**WHAT YOU HAVE TO DO:** Every line of the data that includes "imports" should be copied out.

[Collected data]

(* Suppose $\Upsilon=E[\partial\psi(W,\theta_0,\eta_0,\boldsymbol\kappa_0)/\partial\theta]$ exists and there is a neighborhood $\mathcal N$ of $\theta_0$ such that for all folds $\ell$: (i) $\|\hat\eta_\ell-\eta_0\|_\Xi\int\|\hat{\boldsymbol\kappa}_\ell(z)-\boldsymbol\kappa_0(z)\|_\infty^2F_0(dz)\to_p0$; (ii) whenever $\|\eta-\eta_0\|_\Xi E[\|\boldsymbol\kappa(Z)-\boldsymbol\kappa_0(Z)\|_\infty^2]$ is small enough, $\psi(W,\theta,\eta,\boldsymbol\kappa)$ is differentiable in $\theta$ on $\mathcal N$ and there are $C_1>0$, $C_2>0$ and $d(W,\eta,\boldsymbol\kappa)$ such that for $\theta\in\mathcal N$, $\|\partial_\theta\psi(W,\theta,\eta,\boldsymbol\kappa)-\partial_\theta\psi(W,\theta_0,\eta,\boldsymbol\kappa)\|\le d(W,\eta,\boldsymbol\kappa)\|\theta-\theta_0\|^{C_1}$ and $E[d(W,\eta,\boldsymbol\kappa)]<C_2$; (iii) for each $s$ and $k$, $\int|\partial\psi_s(w,\theta_0,\hat\eta_\ell,\hat{\boldsymbol\kappa}_\ell)/\partial\theta_k-\partial\psi_s(w,\theta_0,\eta_0,\boldsymbol\kappa_0)/\partial\theta_k|F_0(dw)\to_p0$. Let $\bar\theta\to_p\theta_0$. Then $\partial\hat\psi(\bar\theta)/\partial\theta\to_p\Upsilon$.
   Context: $W_i=(Y_i,V_i,Z_i)$, $i=1,\dots,n$, i.i.d. copies of $W=(Y,V,Z)\sim F_0$; $Z_1,\dots,Z_J$ are conditioning sub-vectors of $Z$; $\theta\in\Theta\subset\mathbb R^{d_\theta}$ with true value $\theta_0$; $\eta\in\Xi$ (functions of $V$, norm $\|\cdot\|_\Xi$) with true value $\eta_0$; residual functions $m_j(Y,\theta,\eta)$. $\boldsymbol\kappa_j(Z_j)\in\mathbb R^q$ are vectors of instrumental functions, $\boldsymbol\kappa(Z)$ the $q\times J$ matrix collecting them ($\boldsymbol\kappa_0$ the true one), and $\|\cdot\|_\infty$ the maximal absolute entry. $\psi(W,\theta,\eta,\boldsymbol\kappa)=\sum_{j=1}^Jm_j(Y,\theta,\eta)\boldsymbol\kappa_j(Z_j)$ with components $\psi_s$. The sample is split into folds $I_1,\dots,I_L$; $\hat\eta_\ell,\hat{\boldsymbol\kappa}_\ell$ are computed from observations outside $I_\ell$; $\hat\psi(\theta)=\frac1n\sum_{\ell=1}^L\sum_{i\in I_\ell}\psi(W_i,\theta,\hat\eta_\ell,\hat{\boldsymbol\kappa}_\ell)$. *)

theory Defs
  imports "HOL-Analysis.Analysis" "HOL-Probability.Probability"
begin

text \<open>For measurable X n this is ordinary convergence in probability.\<close>
definition conv_prob :: "'a measure \<Rightarrow> (nat \<Rightarrow> 'a \<Rightarrow> 'b::metric_space) \<Rightarrow> 'b \<Rightarrow> bool" where
  "conv_prob M X c \<longleftrightarrow>
     (\<forall>\<epsilon>>0. \<forall>\<delta>>0. eventually (\<lambda>n. \<exists>A\<in>sets M.
        {\<omega>\<in>space M. dist (X n \<omega>) c > \<epsilon>} \<subseteq> A \<and> measure M A < \<delta>) sequentially)"

definition conv_prob_zero_enn :: "'a measure \<Rightarrow> (nat \<Rightarrow> 'a \<Rightarrow> ennreal) \<Rightarrow> bool" where
  "conv_prob_zero_enn M X \<longleftrightarrow>
     (\<forall>\<epsilon>>0. \<forall>\<delta>>0. eventually (\<lambda>n. \<exists>A\<in>sets M.
        {\<omega>\<in>space M. X n \<omega> > ennreal \<epsilon>} \<subseteq> A \<and> measure M A < \<delta>) sequentially)"

text \<open>The instrument kappa_j is represented as a function of Z; that it
  only depends on the sub-vector Z_j is imposed by membership in kappa_class.\<close>
definition psi :: "('j::finite \<Rightarrow> 'y \<Rightarrow> 'v \<Rightarrow> real^'d \<Rightarrow> 'e \<Rightarrow> real)
     \<Rightarrow> 'y \<times> 'v \<times> 'z \<Rightarrow> real^'d \<Rightarrow> 'e \<Rightarrow> ('j \<Rightarrow> 'z \<Rightarrow> real^'q) \<Rightarrow> real^'q" where
  "psi m w \<theta> \<eta> \<kappa> = (\<Sum>j\<in>UNIV. m j (fst w) (fst (snd w)) \<theta> \<eta> *\<^sub>R \<kappa> j (snd (snd w)))"

definition kappa_class :: "('j \<Rightarrow> 'z \<Rightarrow> 'u) \<Rightarrow> ('j \<Rightarrow> 'z \<Rightarrow> real^'q) set" where
  "kappa_class Zsub = {\<kappa>. \<forall>j z z'. Zsub j z = Zsub j z' \<longrightarrow> \<kappa> j z = \<kappa> j z'}"

definition sup_dist :: "('j::finite \<Rightarrow> 'z \<Rightarrow> real^'q) \<Rightarrow> ('j \<Rightarrow> 'z \<Rightarrow> real^'q) \<Rightarrow> 'z \<Rightarrow> real" where
  "sup_dist \<kappa> \<kappa>' z = Max (range (\<lambda>(j, s). \<bar>\<kappa> j z $ s - \<kappa>' j z $ s\<bar>))"

definition kappa_L2 :: "('y \<times> 'v \<times> 'z) measure \<Rightarrow> ('j::finite \<Rightarrow> 'z \<Rightarrow> real^'q) \<Rightarrow> ('j \<Rightarrow> 'z \<Rightarrow> real^'q) \<Rightarrow> ennreal" where
  "kappa_L2 F0 \<kappa> \<kappa>' = (\<integral>\<^sup>+ w. ennreal ((sup_dist \<kappa> \<kappa>' (snd (snd w)))\<^sup>2) \<partial>F0)"

definition psi_hat :: "('j::finite \<Rightarrow> 'y \<Rightarrow> 'v \<Rightarrow> real^'d \<Rightarrow> 'e \<Rightarrow> real) \<Rightarrow> nat
     \<Rightarrow> (nat \<Rightarrow> nat set) \<Rightarrow> (nat \<Rightarrow> 'y \<times> 'v \<times> 'z) \<Rightarrow> (nat \<Rightarrow> 'e) \<Rightarrow> (nat \<Rightarrow> 'j \<Rightarrow> 'z \<Rightarrow> real^'q)
     \<Rightarrow> nat \<Rightarrow> real^'d \<Rightarrow> real^'q" where
  "psi_hat m L I Ws etas kappas n \<theta> =
     (1 / real n) *\<^sub>R (\<Sum>l<L. \<Sum>i\<in>I l. psi m (Ws i) \<theta> (etas l) (kappas l))"

end

theory Submission
  imports Defs
begin

(* Write the Jacobian of the cross-fitted moment at \<theta>bar as the average over folds l and
   observations i in I_l of the Jacobians J(W_i, \<eta>hat_l, \<kappa>hat_l) at \<theta>bar, and split its
   distance to \<Upsilon> into three parts.  Moving \<theta>bar back to \<theta>0 costs at most
   |\<theta>bar - \<theta>0|^C1 times a cross-fitted average of d; replacing the estimated nuisances by
   (\<eta>0, \<kappa>0) at \<theta>0 costs a cross-fitted average of entrywise Jacobian errors; what remains
   is the plain sample mean of J(W_i, \<eta>0, \<kappa>0) at \<theta>0 minus its expectation \<Upsilon>.
   Because \<eta>hat_l and \<kappa>hat_l only depend on the observations outside fold l, an observation
   in fold l is independent of them, so the expectation of a cross-fitted average given the
   estimates is the F0-integral appearing in (ii) and (iii).  With Markov's inequality this
   keeps the average of d bounded in probability and sends the average of the errors to 0;
   condition (i) only guarantees that the estimates eventually lie where (ii) applies.  The
   last part vanishes by the weak law of large numbers, proved by truncation and Hoeffding's
   inequality. *)

section \<open>Vanishing sequences of events and convergence in probability\<close>

definition prob_vanishing :: "'a measure \<Rightarrow> (nat \<Rightarrow> 'a set) \<Rightarrow> bool" where
  "prob_vanishing M E \<longleftrightarrow>
     (\<forall>\<delta>>0. eventually (\<lambda>n. \<exists>A\<in>sets M. E n \<inter> space M \<subseteq> A \<and> measure M A < \<delta>) sequentially)"

lemma conv_prob_iff_prob_vanishing:
  "conv_prob M X c \<longleftrightarrow> (\<forall>\<epsilon>>0. prob_vanishing M (\<lambda>n. {\<omega>\<in>space M. \<epsilon> < dist (X n \<omega>) c}))"
  unfolding conv_prob_def prob_vanishing_def by (simp add: Int_absorb2)

lemma conv_prob_zero_enn_iff_prob_vanishing:
  "conv_prob_zero_enn M X \<longleftrightarrow> (\<forall>\<epsilon>>0. prob_vanishing M (\<lambda>n. {\<omega>\<in>space M. ennreal \<epsilon> < X n \<omega>}))"
  unfolding conv_prob_zero_enn_def prob_vanishing_def by (simp add: Int_absorb2)

lemma prob_vanishing_mono:
  assumes "prob_vanishing M E" and "eventually (\<lambda>n. E' n \<inter> space M \<subseteq> E n) sequentially"
  shows "prob_vanishing M E'"
  unfolding prob_vanishing_def
proof (intro allI impI)
  fix \<delta> :: real assume "\<delta> > 0"
  with assms(1) have "eventually (\<lambda>n. \<exists>A\<in>sets M. E n \<inter> space M \<subseteq> A \<and> measure M A < \<delta>) sequentially"
    unfolding prob_vanishing_def by blast
  with assms(2) show "eventually (\<lambda>n. \<exists>A\<in>sets M. E' n \<inter> space M \<subseteq> A \<and> measure M A < \<delta>) sequentially"
    by eventually_elim blast
qed
lemma pointwise_recursive_bound:
  fixes I :: "real set" and lam :: "(real \<times> 'b::second_countable_topology) measure"
    and G :: "nat \<Rightarrow> real \<times> 'b \<Rightarrow> real \<times> 'b \<Rightarrow> real"
    and v :: "real \<times> 'b \<Rightarrow> real"
  assumes I: "is_interval I" and lam: "sets lam = sets borel" and p: "1 \<le> p" and \<gamma>: "0 \<le> \<gamma>"
    and G_meas: "\<And>l. (\<lambda>(z, w). G l z w) \<in> borel_measurable borel"
    and G_nonneg: "\<And>l s y. s \<in> I \<Longrightarrow> 0 \<le> G l (t, x) (s, y)"
    and G_causal: "\<And>l s y. s \<in> I \<Longrightarrow> s > t \<Longrightarrow> G l (t, x) (s, y) = 0"
    and t: "t \<le> T" and s: "0 \<le> s"
    and series: "(\<Sum>l. enn_root p (\<integral>\<^sup>+ w\<in>I \<times> UNIV. ennreal (G l (t, x) w) \<partial>lam)) = ennreal s"
    and v_nonneg: "\<And>w. w \<in> I \<times> UNIV \<Longrightarrow> 0 \<le> v w"
    and v_le: "\<And>w. w \<in> (I \<inter> {..T}) \<times> UNIV \<Longrightarrow> v w \<le> M"
    and c_nonneg: "0 \<le> c"
    and v_ineq: "ennreal (v (t, x)) \<le> ennreal c +
          enn_root p (\<Sum>l. \<integral>\<^sup>+ w\<in>I \<times> UNIV. ennreal (G l (t, x) w * v w powr (p * \<gamma>)) \<partial>lam)"
  shows "v (t, x) \<le> c + s * M powr \<gamma>"
proof -
  have IB: "I \<times> (UNIV :: 'b set) \<in> sets borel" by (rule interval_times_borel[OF I])
  have moment_le: "(\<integral>\<^sup>+ w\<in>I \<times> UNIV. ennreal (G l (t, x) w * v w powr (p * \<gamma>)) \<partial>lam)
      \<le> (\<integral>\<^sup>+ w\<in>I \<times> UNIV. ennreal (G l (t, x) w) \<partial>lam) * ennreal (M powr (p * \<gamma>))" for l
  proof (rule causal_weighted_integral_le[where T = T])
    show "(\<lambda>w. ennreal (G l (t, x) w) * indicator (I \<times> UNIV) w) \<in> borel_measurable lam"
      by (rule section_indicator_measurable[OF G_meas IB lam])
    show "G l (t, x) (s', y) = 0" if "s' \<in> I" "s' > T" for s' y
      using G_causal[OF that(1)] t that(2) by simp
  qed (use G_nonneg v_nonneg v_le p \<gamma> in auto)
  have "enn_root p (\<Sum>l. \<integral>\<^sup>+ w\<in>I \<times> UNIV. ennreal (G l (t, x) w * v w powr (p * \<gamma>)) \<partial>lam)
      \<le> ennreal (s * (M powr (p * \<gamma>)) powr (1 / p))"
    by (rule enn_root_series_bound[OF p _ s series moment_le]) simp
  then have "ennreal (v (t, x)) \<le> ennreal c + ennreal (s * (M powr (p * \<gamma>)) powr (1 / p))"
    using v_ineq by (meson add_left_mono order_trans)
  also have "\<dots> = ennreal (c + s * M powr \<gamma>)"
    using c_nonneg s p by (simp add: powr_powr)
  finally have "ennreal (v (t, x)) \<le> ennreal (c + s * M powr \<gamma>)" .
  moreover have "0 \<le> c + s * M powr \<gamma>" using c_nonneg s by simp
  ultimately show ?thesis using ennreal_le_iff by blast
qed

lemma truncated_norm_recursive_bound:
  fixes I :: "real set" and lam :: "(real \<times> (real^'d)) measure"
    and G :: "nat \<Rightarrow> real \<times> (real^'d) \<Rightarrow> real \<times> (real^'d) \<Rightarrow> real"
    and f v :: "real \<times> (real^'d) \<Rightarrow> real"
  assumes I: "is_interval I" and lam: "sets lam = sets borel" and p: "1 \<le> p" and \<gamma>: "0 \<le> \<gamma>"
    and \<theta>: "0 \<le> \<theta>"
    and G_meas: "\<And>l. (\<lambda>(z, w). G l z w) \<in> borel_measurable borel"
    and G_nonneg: "\<And>l t x s y. t \<in> I \<Longrightarrow> s \<in> I \<Longrightarrow> 0 \<le> G l (t, x) (s, y)"
    and G_causal: "\<And>l t x s y. t \<in> I \<Longrightarrow> s \<in> I \<Longrightarrow> s > t \<Longrightarrow> G l (t, x) (s, y) = 0"
    and f_pos: "\<And>z. z \<in> I \<times> UNIV \<Longrightarrow> 0 \<le> f z"
    and f_le: "\<And>z. z \<in> I \<times> UNIV \<Longrightarrow> f z \<le> F"
    and series_le: "\<And>z. z \<in> I \<times> UNIV \<Longrightarrow>
        (\<Sum>l. enn_root p (\<integral>\<^sup>+ w\<in>I \<times> UNIV. ennreal (G l z w) \<partial>lam)) \<le> ennreal \<theta>"
    and v_nonneg: "\<And>z. z \<in> I \<times> UNIV \<Longrightarrow> 0 \<le> v z"
    and T: "T \<in> I" and v_T: "Linf (I \<inter> {..T}) v"
    and v_ineq: "\<And>z. z \<in> I \<times> UNIV \<Longrightarrow>
        ennreal (v z) \<le> ennreal (f z) +
          enn_root p (\<Sum>l. \<integral>\<^sup>+ w\<in>I \<times> UNIV. ennreal (G l z w * v w powr (p * \<gamma>)) \<partial>lam)"
  shows "Linf_norm (I \<inter> {..T}) v \<le> F + \<theta> * Linf_norm (I \<inter> {..T}) v powr \<gamma>"
proof -
  define M where "M = Linf_norm (I \<inter> {..T}) v"
  have v_le: "v w \<le> M" if "w \<in> (I \<inter> {..T}) \<times> UNIV" for w
    using Linf_norm_upper[OF v_T that] unfolding M_def by simp
  have "\<bar>v (t, x)\<bar> \<le> F + \<theta> * M powr \<gamma>" if t: "t \<in> I" "t \<le> T" for t x
  proof -
    have z: "(t, x) \<in> I \<times> UNIV" using t by simp
    define S where "S = (\<Sum>l. enn_root p (\<integral>\<^sup>+ w\<in>I \<times> UNIV. ennreal (G l (t, x) w) \<partial>lam))"
    define s where "s = enn2real S"
    have "S \<le> ennreal \<theta>" unfolding S_def by (rule series_le[OF z])
    then have s: "0 \<le> s" "s \<le> \<theta>" "S = ennreal s"
      using enn2real_mono[of S "ennreal \<theta>"] \<theta> by (auto simp: s_def top_unique ennreal_enn2real_if)
    have "v (t, x) \<le> f (t, x) + s * M powr \<gamma>"
      by (rule pointwise_recursive_bound[OF I lam p \<gamma> G_meas G_nonneg[OF t(1)] G_causal[OF t(1)]
          t(2) s(1) s(3)[unfolded S_def] v_nonneg v_le f_pos[OF z] v_ineq[OF z]])
    also have "\<dots> \<le> F + \<theta> * M powr \<gamma>"
      using f_le[OF z] s by (intro add_mono mult_right_mono) auto
    finally show ?thesis using v_nonneg[OF z] by simp
  qed
  then show ?thesis unfolding M_def using T by (intro Linf_norm_least) auto
qed
lemma K_lambda_density:
  fixes w :: "real^2 \<Rightarrow> real"
  assumes "w \<in> K_lambda lam" "0 \<le> lam" and W_def: "W = (\<lambda>x. indicator unit_disk x * w x)"
  shows "W \<in> borel_measurable lborel" and "AE x in lborel. 0 \<le> W x \<and> W x \<le> lam"
    and "(\<integral>\<^sup>+x. ennreal (W x) \<partial>lborel) = 1"
proof -
  have ae: "AE x in lborel. x \<in> unit_disk \<longrightarrow> 0 \<le> w x \<and> w x \<le> lam"
    and "integrable lborel W" "integral\<^sup>L lborel W = 1"
    and "W \<in> borel_measurable lborel"
    using assms(1) by (simp_all add: K_lambda_def W_def set_borel_measurable_def
        set_integrable_def set_lebesgue_integral_def)
  moreover show "AE x in lborel. 0 \<le> W x \<and> W x \<le> lam"
    using ae by eventually_elim (use assms(2) in \<open>auto simp: W_def indicator_def\<close>)
  ultimately show "W \<in> borel_measurable lborel" "(\<integral>\<^sup>+x. ennreal (W x) \<partial>lborel) = 1"
    by (auto simp: nn_integral_eq_integral)
qed

lemma patch_density:
  fixes \<epsilon> lam :: real
  assumes "0 < \<epsilon>" "lam * (pi * \<epsilon>^2) = 1"
    and v_def: "v = (\<lambda>x::real^2. lam * indicator (ball 0 \<epsilon>) x)"
  shows "0 < lam" and "integrable lborel v" and "integral\<^sup>L lborel v = 1"
    and "(\<integral>\<^sup>+x. ennreal (v x) \<partial>lborel) = 1"
proof -
  have "0 < pi * \<epsilon>^2" using assms(1) by simp
  with assms(2) show "0 < lam" by (metis zero_less_mult_pos2 zero_less_one)
  then have "0 \<le> v x" for x by (simp add: v_def)
  have ball: "emeasure lborel (ball (0::real^2) \<epsilon>) = ennreal (pi * \<epsilon>^2)"
    using assms(1) by (simp add: emeasure_ball_real2)
  then show "integrable lborel v"
    unfolding v_def by (intro integrable_mult_right integrable_real_indicator) auto
  moreover show "integral\<^sup>L lborel v = 1"
    using ball assms(1,2) by (simp add: v_def measure_def)
  ultimately show "(\<integral>\<^sup>+x. ennreal (v x) \<partial>lborel) = 1"
    using \<open>\<And>x. 0 \<le> v x\<close> by (subst nn_integral_eq_integral) auto
qed

lemma patch_in_K_lambda:
  assumes "0 < \<epsilon>" "\<epsilon> \<le> 1" "lam * (pi * \<epsilon>^2) = 1"
  shows "(\<lambda>x::real^2. lam * indicator (ball 0 \<epsilon>) x) \<in> K_lambda lam"
proof -
  note patch = patch_density[OF assms(1,3) refl]
  have "ball 0 \<epsilon> \<subseteq> unit_disk" using assms(2) by (auto simp: unit_disk_def)
  then have restrict: "indicator unit_disk x * (lam * indicator (ball 0 \<epsilon>) x)
      = lam * indicator (ball 0 \<epsilon>) x" for x :: "real^2"
    by (auto simp: indicator_def)
  have "AE x in lborel. x \<in> unit_disk
      \<longrightarrow> 0 \<le> lam * indicator (ball 0 \<epsilon>) x \<and> lam * indicator (ball 0 \<epsilon>) x \<le> lam"
    using patch(1) by (simp add: indicator_def)
  then show ?thesis
    using patch(2,3) borel_measurable_integrable[OF patch(2)]
    unfolding K_lambda_def set_borel_measurable_def set_integrable_def set_lebesgue_integral_def
    by (simp add: restrict)
qed

lemma energy_eq_density:
  fixes w :: "real^2 \<Rightarrow> real"
  assumes W_def: "W = (\<lambda>x. indicator unit_disk x * w x)"
  shows "energy \<Omega> w = 1/2 * (\<integral>x. (\<integral>y. green x y * W x * W y \<partial>lborel) \<partial>lborel)
      + \<Omega>/2 * (\<integral>x. (norm x)^2 * W x \<partial>lborel)"
proof -
  have inner: "indicator unit_disk x *\<^sub>R (\<integral>y. indicator unit_disk y *\<^sub>R (green x y * w x * w y) \<partial>lborel)
      = (\<integral>y. green x y * W x * W y \<partial>lborel)" for x
  proof -
    have "(\<lambda>y. green x y * W x * W y)
        = (\<lambda>y. indicator unit_disk x * (indicator unit_disk y * (green x y * w x * w y)))"
      by (simp add: W_def fun_eq_iff mult_ac)
    then show ?thesis by simp
  qed
  have "(\<lambda>x. indicator unit_disk x *\<^sub>R ((norm x)^2 * w x)) = (\<lambda>x. (norm x)^2 * W x)"
    by (simp add: W_def fun_eq_iff mult_ac)
  then show ?thesis
    unfolding energy_def set_lebesgue_integral_def inner by simp
qed

lemma green_potential_le:
  fixes W :: "real^2 \<Rightarrow> real"
  assumes "W \<in> borel_measurable lborel" "AE y in lborel. 0 \<le> W y \<and> W y \<le> lam"
    and "(\<integral>\<^sup>+y. ennreal (W y) \<partial>lborel) \<le> 1" "0 \<le> lam"
    and outside: "\<And>y. y \<notin> unit_disk \<Longrightarrow> W y = 0"
    and "x \<in> unit_disk" "0 < r" "r \<le> 1"
  shows "2 * pi * (\<integral>y. green x y * W y \<partial>lborel) \<le> 2 * pi * lam * r^2 - ln r + ln 2"
proof -
  define L where "L = ln 2 - ln r"
  have "0 \<le> L" using assms(7,8) by (simp add: L_def)
  have "(\<integral>y. 2 * pi * (green x y * W y) \<partial>lborel) \<le> 2 * pi * lam * r^2 + L"
  proof (rule integral_real_bounded)
    show "0 \<le> 2 * pi * lam * r^2 + L" using \<open>0 \<le> L\<close> assms(4) by simp
    have "(\<integral>\<^sup>+y. ennreal (2 * pi * (green x y * W y)) \<partial>lborel)
        \<le> (\<integral>\<^sup>+y. ennreal ((log_bump x r y + L) * W y) \<partial>lborel)"
      using assms(2)
    proof (intro nn_integral_mono_AE, eventually_elim)
      case (elim y)
      show ?case
      proof (cases "y \<in> unit_disk")
        case True
        then have "2 * pi * green x y * W y \<le> (log_bump x r y + L) * W y"
          using elim green_le_log_bump[OF \<open>x \<in> unit_disk\<close> True assms(7,8)]
          by (intro mult_right_mono) (auto simp: L_def)
        then show ?thesis by (intro ennreal_leI) (simp add: mult_ac)
      qed (simp add: outside)
    qed
    also have "\<dots> \<le> ennreal (2 * pi * lam * r^2 + L)"
      using \<open>0 \<le> L\<close> assms by (intro nn_integral_log_bump_density_le) auto
    finally show "(\<integral>\<^sup>+y. ennreal (2 * pi * (green x y * W y)) \<partial>lborel)
        \<le> ennreal (2 * pi * lam * r^2 + L)" .
  qed
  then show ?thesis by (simp add: L_def)
qed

**ANSWER BOX:**
  imports "HOL-Analysis.Analysis" "HOL-Probability.Probability"
  imports Defs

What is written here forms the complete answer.